I think he should tell his daughter that this is an issue between adults. Her job is to be a kid and not to worry about adult things.

Then he needs to set things straight with BM.

blayze's picture

Oh don't you love when men fuck up the execution of our advice? ...I bet his next move is to tell you that it didn't work and that things were better before and now he feels caught in the middle.

Please.

SO tried to pull this crap on me when he poorly executed a BM boundary erection, then he tried to blame me for HIS gargantuan fuckup. NO. I wouldn't take it.

4ever, your man handled this poorly. He's handled it poorly for YEARS obviously. Please tell him to READ what people wrote on both threads and heed the advice... it's obvious he has no clue what he's doing. And you're bound to get tired of saving his ass when he suffers for not putting both BM and his whiny kid in their places! You should not have to deal with the strain of these two bitches in your life. Make him handle that, and if he can't, find another penis for yourself to handle. Wink

IslandGal's picture

Well..! I'm with all the posters on here who are letting you know that your DH needs to put BM in her place..stat!! and.. he needs to make it clear to SD that this is NOT her issue/problem to deal with. She is a child and has absolutely nothing to do with adult maters.

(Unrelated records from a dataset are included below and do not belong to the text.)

(* Let $X_1,\ldots,X_k\in\mathbf{M}_{2N}(\mathbb{C})$ commute pairwise and be self-dual ($X_j^\sharp=X_j$). Then there is a single symplectic unitary $U$ such that for all $j$, \[U^{*}X_jU=\begin{bmatrix}T_j&C_j\\0&T_j^{\mathrm T}\end{bmatrix}\] with each $T_j$ upper-triangular and each $C_j$ skew-symmetric ($N\times N$ blocks).
   Context: For $X\in\mathbf{M}_{2N}(\mathbb{C})$ in $N\times N$ blocks $X=\begin{bmatrix}A&B\\C&D\end{bmatrix}$, $X^{\sharp}=\begin{bmatrix}D^{\mathrm T}&-B^{\mathrm T}\\-C^{\mathrm T}&A^{\mathrm T}\end{bmatrix}$, equivalently $X^\sharp=-ZX^{\mathrm T}Z$ with $Z=\begin{bmatrix}0&I\\-I&0\end{bmatrix}$. A symplectic unitary is a unitary $U\in\mathbf{M}_{2N}(\mathbb{C})$ with $U^{\mathrm T}ZU=Z$. *)

theory Defs
  imports "Jordan_Normal_Form.Schur_Decomposition"
begin

definition Zmat :: "nat \<Rightarrow> complex mat" where
  "Zmat N = four_block_mat (0\<^sub>m N N) (1\<^sub>m N) (- 1\<^sub>m N) (0\<^sub>m N N)"

definition sharp :: "nat \<Rightarrow> complex mat \<Rightarrow> complex mat" where
  "sharp N X = - (Zmat N * transpose_mat X * Zmat N)"

definition unitary_mat :: "nat \<Rightarrow> complex mat \<Rightarrow> bool" where
  "unitary_mat n U \<longleftrightarrow> U \<in> carrier_mat n n \<and> mat_adjoint U * U = 1\<^sub>m n"

definition symplectic_unitary :: "nat \<Rightarrow> complex mat \<Rightarrow> bool" where
  "symplectic_unitary N U \<longleftrightarrow> unitary_mat (2 * N) U \<and>
     transpose_mat U * Zmat N * U = Zmat N"

end

theory Submission
  imports Defs
begin

text \<open>Construct, one vector at a time, an orthonormal family u_0, ..., u_{N-1} that is isotropic
  for the symplectic form x^T Z y and such that every X_j maps u_i into the span of u_0, ..., u_i.
  Given u_0, ..., u_{b-1} with b < N, the symplectic complement W of their span V strictly contains V,
  and self-duality (Z X_j = X_j^T Z) makes W invariant under every X_j. Commuting matrices have a
  common eigenvector modulo V in W, and a Gram-Schmidt step turns it into u_b. The unitary U with
  columns u_i and J u_i = Z^T conj(u_i) is symplectic; in U^* X_j U the lower left block vanishes by
  isotropy, the upper left block is triangular by the flag property, and the skew-symmetry of the
  upper right block and the transposed lower right block come from moving X_j across the
  symplectic form.\<close>

section \<open>Linear combinations and subspaces\<close>

definition lin_subspace :: "nat \<Rightarrow> complex vec set \<Rightarrow> bool" where
  "lin_subspace n S \<longleftrightarrow> S \<subseteq> carrier_vec n \<and> 0\<^sub>v n \<in> S \<and> (\<forall>x\<in>S. \<forall>y\<in>S. x + y \<in> S)
     \<and> (\<forall>a. \<forall>x\<in>S. a \<cdot>\<^sub>v x \<in> S)"

lemma lin_subspace_diff:
  assumes "lin_subspace n S" "x \<in> S" "y \<in> S"
  shows "x - y \<in> S"
proof -
  have "x \<in> carrier_vec n" "y \<in> carrier_vec n" using assms unfolding lin_subspace_def by auto
  then have "x - y = x + (-1) \<cdot>\<^sub>v y" by (intro eq_vecI) auto
  then show ?thesis using assms unfolding lin_subspace_def by auto
qed

definition lincomb_vec :: "nat \<Rightarrow> (nat \<Rightarrow> complex vec) \<Rightarrow> nat \<Rightarrow> (nat \<Rightarrow> complex) \<Rightarrow> complex vec" where
  "lincomb_vec n w m c = vec n (\<lambda>r. \<Sum>i<m. c i * w i $ r)"

definition lin_span :: "nat \<Rightarrow> (nat \<Rightarrow> complex vec) \<Rightarrow> nat \<Rightarrow> complex vec set" where
  "lin_span n w m = range (lincomb_vec n w m)"

lemma lincomb_vec_carrier [simp]: "lincomb_vec n w m c \<in> carrier_vec n"
  and lincomb_vec_dim [simp]: "dim_vec (lincomb_vec n w m c) = n"
  and lincomb_vec_index [simp]: "r < n \<Longrightarrow> lincomb_vec n w m c $ r = (\<Sum>i<m. c i * w i $ r)"
  unfolding lincomb_vec_def by auto

lemma lincomb_vec_cong: "(\<And>i. i < m \<Longrightarrow> w i = w' i) \<Longrightarrow> lincomb_vec n w m c = lincomb_vec n w' m c"
  by (intro eq_vecI) auto

lemma lincomb_vec_add: "lincomb_vec n w m c + lincomb_vec n w m d = lincomb_vec n w m (\<lambda>i. c i + d i)"
  by (intro eq_vecI) (auto simp: sum.distrib algebra_simps)

lemma lincomb_vec_smult: "a \<cdot>\<^sub>v lincomb_vec n w m c = lincomb_vec n w m (\<lambda>i. a * c i)"
  by (intro eq_vecI) (auto simp: sum_distrib_left algebra_simps)

lemma lincomb_vec_Suc_shift:
  "w 0 \<in> carrier_vec n \<Longrightarrow>
   lincomb_vec n w (Suc m) c = c 0 \<cdot>\<^sub>v w 0 + lincomb_vec n (\<lambda>i. w (Suc i)) m (\<lambda>i. c (Suc i))"
  by (intro eq_vecI) (auto simp del: sum.lessThan_Suc simp: sum.lessThan_Suc_shift)

lemma mult_mat_vec_lincomb:
  assumes A: "A \<in> carrier_mat n n" and w: "\<forall>i<m. w i \<in> carrier_vec n"
  shows "A *\<^sub>v lincomb_vec n w m c = lincomb_vec n (\<lambda>i. A *\<^sub>v w i) m c"
proof (intro eq_vecI)
  fix r assume "r < dim_vec (lincomb_vec n (\<lambda>i. A *\<^sub>v w i) m c)"
  then have r: "r < n" by simp
  have "(A *\<^sub>v lincomb_vec n w m c) $ r = (\<Sum>s<n. A $$ (r, s) * (\<Sum>i<m. c i * w i $ s))"
    using A r unfolding mult_mat_vec_def scalar_prod_def by (simp add: lessThan_atLeast0)
  also have "\<dots> = (\<Sum>i<m. c i * (\<Sum>s<n. A $$ (r, s) * w i $ s))"
    by (simp add: sum_distrib_left mult.left_commute sum.swap[of _ "{..<n}"])
  also have "\<dots> = (\<Sum>i<m. c i * (A *\<^sub>v w i) $ r)"
    using A r w unfolding mult_mat_vec_def scalar_prod_def
    by (intro sum.cong) (auto simp: lessThan_atLeast0)
  finally show "(A *\<^sub>v lincomb_vec n w m c) $ r = lincomb_vec n (\<lambda>i. A *\<^sub>v w i) m c $ r"
    using r by simp
qed (use A in simp)

lemma lincomb_vec_lincomb_vec:
  assumes "\<forall>i<m. w i = lincomb_vec n u b (d i)"
  shows "lincomb_vec n w m c = lincomb_vec n u b (\<lambda>l. \<Sum>i<m. c i * d i l)"
proof (intro eq_vecI)
  fix r assume "r < dim_vec (lincomb_vec n u b (\<lambda>l. \<Sum>i<m. c i * d i l))"
  then have r: "r < n" by simp
  have "lincomb_vec n w m c $ r = (\<Sum>i<m. c i * (\<Sum>l<b. d i l * u l $ r))"
    using r assms by (auto intro!: sum.cong)
  also have "\<dots> = (\<Sum>l<b. (\<Sum>i<m. c i * d i l) * u l $ r)"
    by (simp add: sum_distrib_left sum_distrib_right mult.assoc sum.swap[of _ "{..<m}"])
  finally show "lincomb_vec n w m c $ r = lincomb_vec n u b (\<lambda>l. \<Sum>i<m. c i * d i l) $ r"
    using r by simp
qed simp

lemma lin_span_subspace: "lin_subspace n (lin_span n w m)"
  unfolding lin_subspace_def lin_span_def
proof (intro conjI ballI allI)
  show "0\<^sub>v n \<in> range (lincomb_vec n w m)"
    by (rule range_eqI[of _ _ "\<lambda>i. 0"]) (intro eq_vecI, auto)
qed (auto simp: lincomb_vec_add lincomb_vec_smult)

lemma lin_span_mono:
  assumes "m \<le> m'" shows "lin_span n w m \<subseteq> lin_span n w m'"
proof
  fix x assume "x \<in> lin_span n w m"
  then obtain c where x: "x = lincomb_vec n w m c" unfolding lin_span_def by blast
  have "(\<Sum>i<m'. (if i < m then c i else 0) * w i $ r) = (\<Sum>i<m. (if i < m then c i else 0) * w i $ r)" for r
    using assms by (intro sum.mono_neutral_right) auto
  then have "x = lincomb_vec n w m' (\<lambda>i. if i < m then c i else 0)"
    unfolding x by (intro eq_vecI) auto
  then show "x \<in> lin_span n w m'" unfolding lin_span_def by blast
qed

When SD was 13 and used to visit - she would defend BM to the death - even if it meant BM could control our weekends. It drove us mental with frustration. SO finally put his foot down, after counselling and sent BM an email. He told her exactly what most posters are saying here.. that she only contacts him via email and can text/call if it was an emergency..that was it. Naturally, BM went psycho - but SO stuck to his guns..and almost a year later.. all the shit stopped.

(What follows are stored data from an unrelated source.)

(* Let $k,p$ (functions of $n$) satisfy $k=\omega(\log n)$ and $p=\omega(\log n/n)$, and with $\delta:=4.03p$ and $R:=k/n$ assume $H_2(\delta)+\delta\log 3<1-R$, where $H_2(x)=-x\log x-(1-x)\log(1-x)$. Consider the function family described in the context. Suppose there exists an algorithm $\mathcal A$ running in time $T$ such that $\Pr_{\mathcal A,I,x}[f_I(\mathcal A(I,f_I(x)))=f_I(x)]=1/\mathrm{poly}(n)$, where $I\sim\mathsf{Gen}(1^n)$ and $x\sim\mathsf{Sample}(I)$. Then there exists an algorithm $\mathcal B$ running in time $T+\mathrm{poly}(n)$ which solves Search $\mathsf{LSN}(k,n,p)$ with probability $1/2^k+1/\mathrm{poly}(n)=1/\mathrm{poly}(n)$.
   Context: Symplectic inner product on $\mathbb{Z}_2^{2n}$: $(\mathbf a,\mathbf b)\odot(\mathbf a',\mathbf b')=\mathbf a\cdot\mathbf b'+\mathbf a'\cdot\mathbf b\pmod2$; a matrix is isotropic if its columns are pairwise symplectically orthogonal. $\mathcal{D}_p^{\otimes n}$: random $\mathbf e\in\mathbb{Z}_2^{2n}$ with independent pairs $(e_j,e_{n+j})$, each $(0,0)$ w.p. $1-p$ and each of $(0,1),(1,0),(1,1)$ w.p. $p/3$. The weight of $\mathbf e\in\mathbb{Z}_2^{2n}$ is the number of $j$ with $(e_j,e_{n+j})\neq(0,0)$; $\mathcal W_d$ is the set of $\mathbf e\in\mathbb{Z}_2^{2n}$ of weight at most $d$. Logarithms are base 2. Search $\mathsf{LSN}(k,n,p)$: given $([\mathbf A|\mathbf B],\mathbf A\mathbf r+\mathbf B\mathbf y+\mathbf e)$ with $\mathbf A\in\mathbb{Z}_2^{2n\times n}$, $\mathbf B\in\mathbb{Z}_2^{2n\times k}$ uniformly random subject to $\mathbf A$, $\mathbf B$ isotropic and $[\mathbf A|\mathbf B]$ full rank, $\mathbf r\sim\mathbb{Z}_2^n$, $\mathbf y\sim\mathbb{Z}_2^k$, $\mathbf e\sim\mathcal{D}_p^{\otimes n}$, output $\mathbf y$ with probability at least $1/2^k+1/\mathrm{poly}(n)$. Function family: $\mathsf{Gen}(1^n)$ outputs $I=(\mathbf A,\mathbf B)$ sampled as in $\mathsf{LSN}$. Domain $\mathcal D_I=\mathbb{Z}_2^n\times\mathbb{Z}_2^k\times\mathcal W_{2.01np}$. $\mathsf{Sample}(I)$ outputs $(\mathbf r,\mathbf y,\mathbf e)$ with $\mathbf r\sim\mathbb{Z}_2^n$, $\mathbf y\sim\mathbb{Z}_2^k$, $\mathbf e\sim\mathcal{D}_p^{\otimes n}$, replacing $\mathbf e$ by $\mathbf 0$ if its weight exceeds $2.01np$. $f_I(\mathbf r,\mathbf y,\mathbf e)=(\mathbf A,\mathbf B,\mathbf A\mathbf r+\mathbf B\mathbf y+\mathbf e)$. *)

theory Defs
  imports "HOL-Probability.Probability" "HOL-Library.Landau_Symbols"
begin

text \<open>Vectors over Z_2 are bool lists (True = 1, addition = xor).
 A vector of Z_2^{2n} is a list of length 2n whose first n entries are the
 a-part and last n entries the b-part. A 2n x m matrix is the list of its m columns.\<close>

type_synonym vec = "bool list"
type_synonym inst = "vec list \<times> vec list"

definition vadd :: "vec \<Rightarrow> vec \<Rightarrow> vec" where
  "vadd u v = map2 (\<noteq>) u v"

definition zerovec :: "nat \<Rightarrow> vec" where
  "zerovec m = replicate m False"

definition dotp :: "vec \<Rightarrow> vec \<Rightarrow> bool" where
  "dotp u v = odd (length (filter id (map2 (\<and>) u v)))"

definition symp :: "nat \<Rightarrow> vec \<Rightarrow> vec \<Rightarrow> bool" where
  "symp n u v = (dotp (take n u) (drop n v) \<noteq> dotp (take n v) (drop n u))"

definition isotropic :: "nat \<Rightarrow> vec list \<Rightarrow> bool" where
  "isotropic n M = (\<forall>u\<in>set M. \<forall>v\<in>set M. \<not> symp n u v)"

definition mat_vec :: "nat \<Rightarrow> vec list \<Rightarrow> vec \<Rightarrow> vec" where
  "mat_vec m M x = foldr vadd (map fst (filter snd (zip M x))) (zerovec m)"

definition col_indep :: "nat \<Rightarrow> vec list \<Rightarrow> bool" where
  "col_indep m M = (\<forall>x. length x = length M \<and> mat_vec m M x = zerovec m \<longrightarrow> x = zerovec (length M))"

definition vecs :: "nat \<Rightarrow> vec set" where
  "vecs m = {v. length v = m}"

definition mats :: "nat \<Rightarrow> nat \<Rightarrow> vec list set" where
  "mats m c = {M. length M = c \<and> (\<forall>v\<in>set M. length v = m)}"

definition lsn_instances :: "nat \<Rightarrow> nat \<Rightarrow> inst set" where
  "lsn_instances n k = {(MA, MB). MA \<in> mats (2*n) n \<and> MB \<in> mats (2*n) k \<and>
      isotropic n MA \<and> isotropic n MB \<and> col_indep (2*n) (MA @ MB)}"

definition Gen :: "nat \<Rightarrow> nat \<Rightarrow> inst pmf" where
  "Gen n k = pmf_of_set (lsn_instances n k)"

text \<open>Single-qubit depolarizing pair distribution.\<close>
definition pauli_pmf :: "real \<Rightarrow> (bool \<times> bool) pmf" where
  "pauli_pmf p = bind_pmf (bernoulli_pmf p)
     (\<lambda>b. if b then pmf_of_set {(False,True),(True,False),(True,True)} else return_pmf (False,False))"

fun noise_pairs :: "real \<Rightarrow> nat \<Rightarrow> (bool \<times> bool) list pmf" where
  "noise_pairs p 0 = return_pmf []"
| "noise_pairs p (Suc n) = bind_pmf (pauli_pmf p) (\<lambda>x. map_pmf (\<lambda>xs. x # xs) (noise_pairs p n))"

text \<open>D_p^{\<otimes>n}: pair j is (e_j, e_{n+j}).\<close>
definition noise :: "real \<Rightarrow> nat \<Rightarrow> vec pmf" where
  "noise p n = map_pmf (\<lambda>ps. map fst ps @ map snd ps) (noise_pairs p n)"

definition weight :: "nat \<Rightarrow> vec \<Rightarrow> nat" where
  "weight n e = card {j. j < n \<and> (e ! j \<or> e ! (n + j))}"

definition Wset :: "nat \<Rightarrow> real \<Rightarrow> vec set" where
  "Wset n d = {e \<in> vecs (2*n). real (weight n e) \<le> d}"

definition dom_set :: "nat \<Rightarrow> nat \<Rightarrow> real \<Rightarrow> (vec \<times> vec \<times> vec) set" where
  "dom_set n k p = vecs n \<times> vecs k \<times> Wset n (2.01 * real n * p)"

SD however, has decided that SO is a selfish asshole who is a dick for wanting to live his own life. She, along with BM's support, has decided to punish him by refusing to have anything to do with him now. It sucks but it is what it is.

A divorce means exactly that. Two people no longer share one life. Being a COD does not make you special or a victim in any way. SD just has to learn to be a child and leave the adults to deal with the adult shit... I mean issues.